The job to retrieve the data suddenly started taking over 8 minutes.

From EXPLAIN (ANALYZE, BUFFERS):

Total execution time: 518,803 ms (~8.6 minutes)
Rows returned: 5,000
Rows processed before aggregation: 3,341,534
Temp data written: ~6.6 GB
Temp read time: 407,980 ms (~6.8 minutes)

The database CPU was fine. Memory usage looked normal.

Disk I/O, however, was spiking hard.

The Hidden Problem

One branch of the view looked roughly like this:

SELECT
    org.organization_id,
    MAX(LOWER(d.domain)) AS website,
    org.display_name,
    org.address,
    org.location,
    org.created_at
FROM analytics.organizations org
LEFT JOIN analytics.organization_domains d
    ON org.organization_id = d.organization_id
    AND d.is_primary
GROUP BY
    org.organization_id,
    org.display_name,
    org.address,
    org.location,
    org.created_at;

This is where everything fell apart.

At the time of the incident:

organizations: ~3.1 million rows
organization_domains: ~933,000 rows
Resulting join size: ~3.3 million rows
Row width during sort: ~526 bytes

To perform the GROUP BY, PostgreSQL had to sort those 3.3 million wide rows.

The sort required roughly:

3,341,534 rows × 526 bytes ≈ 1.7 GB

Since that didn’t fit in memory, PostgreSQL switched to an external merge sort.

From the execution plan:

Sort Method: external merge
Disk: 1762616kB

That single sort spilled ~1.7GB to disk. In total, the query wrote ~6.6GB of temporary data and spent over 6 minutes just reading temp files back.

The LIMIT 5000 didn’t help — because PostgreSQL had to complete the aggregation and sorting before it could return the first row.

The Key Realization

We didn’t actually need to group all organization columns.

The real requirement was simple:

For each organization, attach one primary domain.

Instead of grouping everything, we rewrote the query to select a single domain per organization using a lateral subquery:

SELECT
    org.organization_id,
    d.website,
    org.display_name,
    org.address,
    org.location,
    org.created_at
FROM analytics.organizations org
LEFT JOIN LATERAL (
    SELECT LOWER(domain) AS website
    FROM analytics.organization_domains d
    WHERE d.organization_id = org.organization_id
      AND d.is_primary
    ORDER BY domain
    LIMIT 1
) d ON TRUE
WHERE org.location IS NOT NULL;

With an index like:

CREATE INDEX idx_domains_primary_org
ON analytics.organization_domains (organization_id, domain)
WHERE is_primary;

The massive sort disappeared.

No 1.7GB spill. No 6GB temp files. No external merge.

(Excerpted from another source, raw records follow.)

lemma ends_10_simps [simp]:
  "\<not> ends_10 []" "ends_10 (a # w) \<longleftrightarrow> (a \<and> w = [False]) \<or> ends_10 w"
proof -
  show "\<not> ends_10 []"
    unfolding ends_10_def by simp
  show "ends_10 (a # w) \<longleftrightarrow> (a \<and> w = [False]) \<or> ends_10 w"
  proof
    assume "ends_10 (a # w)"
    then obtain u where "a # w = u @ [True, False]"
      unfolding ends_10_def by blast
    then show "(a \<and> w = [False]) \<or> ends_10 w"
      unfolding ends_10_def by (cases u) auto
  next
    assume "(a \<and> w = [False]) \<or> ends_10 w"
    then show "ends_10 (a # w)"
      unfolding ends_10_def by (auto intro: exI[of _ "[]"])
  qed
qed

lemma has_101_simps [simp]:
  "\<not> has_101 []" "has_101 (a # w) \<longleftrightarrow> (a \<and> starts_01 w) \<or> has_101 w"
proof -
  show "\<not> has_101 []"
    unfolding has_101_def by simp
  show "has_101 (a # w) \<longleftrightarrow> (a \<and> starts_01 w) \<or> has_101 w"
  proof
    assume "has_101 (a # w)"
    then obtain u v where "a # w = u @ [True, False, True] @ v"
      unfolding has_101_def by blast
    then show "(a \<and> starts_01 w) \<or> has_101 w"
      unfolding has_101_def starts_01_def by (cases u) auto
  next
    assume "(a \<and> starts_01 w) \<or> has_101 w"
    then show "has_101 (a # w)"
      unfolding has_101_def starts_01_def by (auto intro: exI[of _ "[]"]) (metis Cons_eq_appendI)
  qed
qed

The sync time dropped from 8+ minutes to under 20 seconds.

Closing thoughts

2 main points for me from this incident:

Large GROUP BY operations can silently trigger multi‑gigabyte disk sorts.
Often, the fastest optimization is not tuning memory — but rewriting the query to avoid global aggregation entirely.

And it only surfaced when the data grew large enough to expose it.

I’d love to hear if you had similar problems and how you handled them under real traffic.